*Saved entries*
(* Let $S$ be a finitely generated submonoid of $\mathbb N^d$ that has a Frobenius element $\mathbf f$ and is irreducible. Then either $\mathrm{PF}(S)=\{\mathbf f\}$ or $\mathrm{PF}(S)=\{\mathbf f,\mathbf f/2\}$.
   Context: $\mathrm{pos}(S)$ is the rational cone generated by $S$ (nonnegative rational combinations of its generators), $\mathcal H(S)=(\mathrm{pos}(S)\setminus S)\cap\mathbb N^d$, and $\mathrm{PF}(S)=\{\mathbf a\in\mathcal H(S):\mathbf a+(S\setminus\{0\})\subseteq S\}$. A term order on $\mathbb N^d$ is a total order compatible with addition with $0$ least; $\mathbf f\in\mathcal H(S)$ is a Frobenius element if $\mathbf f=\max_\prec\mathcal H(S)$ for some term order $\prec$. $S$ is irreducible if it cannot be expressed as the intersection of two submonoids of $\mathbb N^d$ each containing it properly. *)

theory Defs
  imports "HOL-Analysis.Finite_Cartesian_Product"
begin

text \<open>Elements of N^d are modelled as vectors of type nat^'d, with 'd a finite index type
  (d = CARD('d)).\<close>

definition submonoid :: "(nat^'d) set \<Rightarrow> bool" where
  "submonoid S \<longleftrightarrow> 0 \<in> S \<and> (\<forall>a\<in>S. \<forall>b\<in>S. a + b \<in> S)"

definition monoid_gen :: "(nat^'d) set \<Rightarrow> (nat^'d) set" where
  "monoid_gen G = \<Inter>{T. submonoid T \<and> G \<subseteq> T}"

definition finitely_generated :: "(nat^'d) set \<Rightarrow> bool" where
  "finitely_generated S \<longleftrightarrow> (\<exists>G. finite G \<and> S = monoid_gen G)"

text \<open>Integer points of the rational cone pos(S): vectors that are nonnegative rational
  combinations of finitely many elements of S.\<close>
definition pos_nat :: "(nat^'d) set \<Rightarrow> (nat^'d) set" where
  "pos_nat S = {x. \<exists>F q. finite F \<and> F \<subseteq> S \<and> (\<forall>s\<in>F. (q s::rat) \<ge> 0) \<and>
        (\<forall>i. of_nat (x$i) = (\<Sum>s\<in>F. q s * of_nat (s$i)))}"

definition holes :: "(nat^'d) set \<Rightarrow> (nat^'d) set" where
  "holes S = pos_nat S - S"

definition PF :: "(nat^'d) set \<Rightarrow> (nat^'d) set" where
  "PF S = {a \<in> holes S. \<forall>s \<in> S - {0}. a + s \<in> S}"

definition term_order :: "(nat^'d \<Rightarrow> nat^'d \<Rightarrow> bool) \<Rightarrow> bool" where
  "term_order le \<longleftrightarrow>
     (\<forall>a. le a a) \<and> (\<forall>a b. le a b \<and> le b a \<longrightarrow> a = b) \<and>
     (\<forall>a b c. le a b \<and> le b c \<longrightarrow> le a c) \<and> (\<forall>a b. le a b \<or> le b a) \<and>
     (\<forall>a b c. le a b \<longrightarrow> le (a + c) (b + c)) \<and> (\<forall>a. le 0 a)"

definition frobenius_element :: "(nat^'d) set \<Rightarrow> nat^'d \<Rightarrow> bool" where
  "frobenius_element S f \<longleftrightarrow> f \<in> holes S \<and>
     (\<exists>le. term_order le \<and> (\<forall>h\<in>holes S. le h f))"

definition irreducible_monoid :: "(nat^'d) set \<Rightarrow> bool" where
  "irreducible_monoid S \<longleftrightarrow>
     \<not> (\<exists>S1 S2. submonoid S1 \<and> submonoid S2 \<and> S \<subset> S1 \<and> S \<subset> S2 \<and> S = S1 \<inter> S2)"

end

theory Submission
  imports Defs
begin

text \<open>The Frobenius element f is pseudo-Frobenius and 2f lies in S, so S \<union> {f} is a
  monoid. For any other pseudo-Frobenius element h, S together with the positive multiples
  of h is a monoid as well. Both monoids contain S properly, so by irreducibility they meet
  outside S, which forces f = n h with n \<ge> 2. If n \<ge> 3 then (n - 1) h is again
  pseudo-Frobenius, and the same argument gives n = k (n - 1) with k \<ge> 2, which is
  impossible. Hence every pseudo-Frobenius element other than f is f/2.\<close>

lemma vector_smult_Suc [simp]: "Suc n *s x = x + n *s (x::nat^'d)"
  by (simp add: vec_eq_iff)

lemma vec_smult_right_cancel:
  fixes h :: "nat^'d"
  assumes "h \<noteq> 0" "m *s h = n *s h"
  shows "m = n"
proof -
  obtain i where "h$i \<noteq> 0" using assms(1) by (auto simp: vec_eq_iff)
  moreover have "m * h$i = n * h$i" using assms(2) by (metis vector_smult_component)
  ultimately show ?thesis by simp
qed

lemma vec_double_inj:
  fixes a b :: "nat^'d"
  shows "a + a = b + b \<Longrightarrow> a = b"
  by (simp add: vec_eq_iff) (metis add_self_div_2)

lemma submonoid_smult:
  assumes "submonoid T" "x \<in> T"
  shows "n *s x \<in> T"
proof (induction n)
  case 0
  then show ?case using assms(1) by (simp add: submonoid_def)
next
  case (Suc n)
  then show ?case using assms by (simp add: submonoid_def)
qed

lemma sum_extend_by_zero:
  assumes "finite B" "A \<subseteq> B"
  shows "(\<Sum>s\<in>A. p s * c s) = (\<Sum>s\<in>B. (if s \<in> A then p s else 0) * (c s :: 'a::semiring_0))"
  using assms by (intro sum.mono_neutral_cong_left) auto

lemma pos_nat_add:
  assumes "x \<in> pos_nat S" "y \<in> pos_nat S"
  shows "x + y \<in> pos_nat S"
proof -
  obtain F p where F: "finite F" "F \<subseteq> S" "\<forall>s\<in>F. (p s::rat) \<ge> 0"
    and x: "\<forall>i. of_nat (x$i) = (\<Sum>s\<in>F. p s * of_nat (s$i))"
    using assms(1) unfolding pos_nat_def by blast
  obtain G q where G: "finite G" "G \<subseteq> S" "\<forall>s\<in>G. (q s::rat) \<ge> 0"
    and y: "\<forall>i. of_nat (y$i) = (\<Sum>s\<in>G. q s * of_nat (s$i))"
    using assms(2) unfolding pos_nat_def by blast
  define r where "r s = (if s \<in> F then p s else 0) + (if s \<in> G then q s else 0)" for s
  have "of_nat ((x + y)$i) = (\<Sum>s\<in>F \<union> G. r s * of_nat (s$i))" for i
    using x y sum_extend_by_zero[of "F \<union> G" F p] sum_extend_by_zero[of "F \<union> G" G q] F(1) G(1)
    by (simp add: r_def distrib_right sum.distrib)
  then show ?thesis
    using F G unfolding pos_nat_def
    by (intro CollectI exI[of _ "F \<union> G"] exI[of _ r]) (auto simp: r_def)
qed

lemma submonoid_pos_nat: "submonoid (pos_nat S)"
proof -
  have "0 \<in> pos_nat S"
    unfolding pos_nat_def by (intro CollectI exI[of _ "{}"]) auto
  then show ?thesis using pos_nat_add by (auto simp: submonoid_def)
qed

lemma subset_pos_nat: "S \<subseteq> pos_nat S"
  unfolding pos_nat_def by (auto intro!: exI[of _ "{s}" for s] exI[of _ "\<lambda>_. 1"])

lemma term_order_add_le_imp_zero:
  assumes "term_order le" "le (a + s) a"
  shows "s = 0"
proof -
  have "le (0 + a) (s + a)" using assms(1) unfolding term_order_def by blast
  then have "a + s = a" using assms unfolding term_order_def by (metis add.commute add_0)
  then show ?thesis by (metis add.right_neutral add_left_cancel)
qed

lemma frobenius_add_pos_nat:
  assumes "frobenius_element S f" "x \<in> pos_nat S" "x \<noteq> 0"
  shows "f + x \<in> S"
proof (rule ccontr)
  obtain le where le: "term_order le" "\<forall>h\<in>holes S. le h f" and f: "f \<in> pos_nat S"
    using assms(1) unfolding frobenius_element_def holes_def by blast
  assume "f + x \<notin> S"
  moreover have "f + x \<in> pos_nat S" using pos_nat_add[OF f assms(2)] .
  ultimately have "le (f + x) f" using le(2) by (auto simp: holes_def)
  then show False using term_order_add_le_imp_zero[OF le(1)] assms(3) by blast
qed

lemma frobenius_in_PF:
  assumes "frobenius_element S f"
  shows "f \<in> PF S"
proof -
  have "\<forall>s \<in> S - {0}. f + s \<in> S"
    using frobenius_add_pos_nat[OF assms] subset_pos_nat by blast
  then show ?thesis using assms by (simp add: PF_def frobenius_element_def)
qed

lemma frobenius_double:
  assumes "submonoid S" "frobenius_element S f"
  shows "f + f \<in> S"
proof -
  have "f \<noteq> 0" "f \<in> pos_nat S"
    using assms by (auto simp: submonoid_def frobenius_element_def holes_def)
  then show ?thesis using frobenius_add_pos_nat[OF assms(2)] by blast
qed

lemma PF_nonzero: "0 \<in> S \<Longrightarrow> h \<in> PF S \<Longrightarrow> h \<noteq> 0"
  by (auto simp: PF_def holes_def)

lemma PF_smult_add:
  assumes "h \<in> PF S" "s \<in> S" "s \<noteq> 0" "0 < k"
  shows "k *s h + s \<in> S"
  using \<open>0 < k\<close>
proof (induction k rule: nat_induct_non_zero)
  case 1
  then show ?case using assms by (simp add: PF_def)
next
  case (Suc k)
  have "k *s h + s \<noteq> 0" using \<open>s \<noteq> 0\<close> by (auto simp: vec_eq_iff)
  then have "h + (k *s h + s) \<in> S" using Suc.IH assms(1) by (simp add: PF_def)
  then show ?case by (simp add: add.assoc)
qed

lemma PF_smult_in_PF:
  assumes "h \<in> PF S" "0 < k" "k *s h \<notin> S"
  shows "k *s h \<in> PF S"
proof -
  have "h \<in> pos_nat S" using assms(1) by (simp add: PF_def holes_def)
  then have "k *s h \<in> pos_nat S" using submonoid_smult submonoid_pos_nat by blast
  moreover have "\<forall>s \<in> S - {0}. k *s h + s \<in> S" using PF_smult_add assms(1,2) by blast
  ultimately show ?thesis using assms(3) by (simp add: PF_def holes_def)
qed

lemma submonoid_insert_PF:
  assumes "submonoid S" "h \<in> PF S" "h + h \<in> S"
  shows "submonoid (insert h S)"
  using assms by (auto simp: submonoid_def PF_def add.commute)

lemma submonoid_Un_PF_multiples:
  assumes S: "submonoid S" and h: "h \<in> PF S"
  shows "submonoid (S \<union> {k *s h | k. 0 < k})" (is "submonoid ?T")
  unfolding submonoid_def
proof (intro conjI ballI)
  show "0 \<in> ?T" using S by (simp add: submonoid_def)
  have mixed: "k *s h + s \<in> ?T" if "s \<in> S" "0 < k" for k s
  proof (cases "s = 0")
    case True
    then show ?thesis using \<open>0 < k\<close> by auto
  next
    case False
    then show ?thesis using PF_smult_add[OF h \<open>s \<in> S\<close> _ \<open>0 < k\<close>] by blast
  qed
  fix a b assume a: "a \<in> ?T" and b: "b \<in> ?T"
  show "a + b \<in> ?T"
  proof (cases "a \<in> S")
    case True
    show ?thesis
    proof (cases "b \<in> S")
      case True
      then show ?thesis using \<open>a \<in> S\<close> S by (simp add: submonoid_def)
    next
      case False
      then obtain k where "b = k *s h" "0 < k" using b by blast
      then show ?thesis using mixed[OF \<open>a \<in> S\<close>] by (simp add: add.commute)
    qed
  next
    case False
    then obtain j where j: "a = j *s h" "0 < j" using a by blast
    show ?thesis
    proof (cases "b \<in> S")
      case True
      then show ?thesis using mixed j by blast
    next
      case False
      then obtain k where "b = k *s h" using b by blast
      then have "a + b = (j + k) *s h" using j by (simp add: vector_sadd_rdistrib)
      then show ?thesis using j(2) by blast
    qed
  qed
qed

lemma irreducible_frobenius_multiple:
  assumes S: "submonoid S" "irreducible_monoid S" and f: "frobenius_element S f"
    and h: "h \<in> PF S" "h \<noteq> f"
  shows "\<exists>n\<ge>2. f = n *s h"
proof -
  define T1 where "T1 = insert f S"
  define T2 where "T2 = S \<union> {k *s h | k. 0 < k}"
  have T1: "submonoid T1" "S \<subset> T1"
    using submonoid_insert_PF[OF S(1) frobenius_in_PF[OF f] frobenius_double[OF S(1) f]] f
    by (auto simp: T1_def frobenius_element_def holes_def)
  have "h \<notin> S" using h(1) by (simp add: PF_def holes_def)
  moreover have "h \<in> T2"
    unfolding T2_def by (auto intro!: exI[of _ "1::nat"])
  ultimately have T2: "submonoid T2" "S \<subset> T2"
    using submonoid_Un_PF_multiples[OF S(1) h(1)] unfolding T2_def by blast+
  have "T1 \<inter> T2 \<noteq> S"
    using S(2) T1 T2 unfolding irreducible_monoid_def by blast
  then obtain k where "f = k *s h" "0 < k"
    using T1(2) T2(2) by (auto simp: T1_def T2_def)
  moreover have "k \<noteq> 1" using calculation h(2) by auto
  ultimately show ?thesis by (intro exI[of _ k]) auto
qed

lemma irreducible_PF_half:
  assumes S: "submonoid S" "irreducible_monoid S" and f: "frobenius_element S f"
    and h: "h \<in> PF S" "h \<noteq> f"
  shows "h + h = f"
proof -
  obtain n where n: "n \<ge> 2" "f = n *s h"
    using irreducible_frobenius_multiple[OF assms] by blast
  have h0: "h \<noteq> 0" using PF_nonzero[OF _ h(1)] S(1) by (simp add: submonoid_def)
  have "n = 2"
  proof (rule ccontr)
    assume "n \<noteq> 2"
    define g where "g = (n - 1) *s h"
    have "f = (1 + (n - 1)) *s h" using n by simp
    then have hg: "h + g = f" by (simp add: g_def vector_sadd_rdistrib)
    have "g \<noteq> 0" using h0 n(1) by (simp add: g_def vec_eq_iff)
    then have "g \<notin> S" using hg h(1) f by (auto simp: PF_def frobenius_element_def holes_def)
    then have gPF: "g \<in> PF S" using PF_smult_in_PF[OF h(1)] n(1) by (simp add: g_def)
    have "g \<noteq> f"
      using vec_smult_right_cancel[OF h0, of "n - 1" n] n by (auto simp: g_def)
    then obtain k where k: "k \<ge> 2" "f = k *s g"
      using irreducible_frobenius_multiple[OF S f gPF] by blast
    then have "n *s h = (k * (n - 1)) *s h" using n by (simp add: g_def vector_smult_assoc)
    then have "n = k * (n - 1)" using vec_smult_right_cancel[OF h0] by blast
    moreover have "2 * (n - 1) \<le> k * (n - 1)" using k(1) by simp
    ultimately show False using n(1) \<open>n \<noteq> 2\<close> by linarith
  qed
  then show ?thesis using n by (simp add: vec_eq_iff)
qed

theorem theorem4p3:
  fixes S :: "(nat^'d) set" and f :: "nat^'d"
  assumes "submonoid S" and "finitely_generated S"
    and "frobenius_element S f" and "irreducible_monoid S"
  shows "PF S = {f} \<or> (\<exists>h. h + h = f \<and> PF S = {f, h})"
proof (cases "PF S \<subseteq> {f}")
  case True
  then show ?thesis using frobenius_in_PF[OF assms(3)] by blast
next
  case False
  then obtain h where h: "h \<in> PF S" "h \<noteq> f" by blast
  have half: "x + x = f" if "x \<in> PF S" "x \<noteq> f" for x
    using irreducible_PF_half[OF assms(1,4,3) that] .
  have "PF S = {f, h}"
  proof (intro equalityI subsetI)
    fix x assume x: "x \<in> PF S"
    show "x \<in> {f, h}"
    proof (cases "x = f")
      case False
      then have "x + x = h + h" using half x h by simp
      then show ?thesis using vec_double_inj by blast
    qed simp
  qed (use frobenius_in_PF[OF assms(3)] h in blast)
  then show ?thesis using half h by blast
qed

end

*Task brief*
Answer with the number alone: how many lines in the records include the word "fixes"?

*Answer box*
3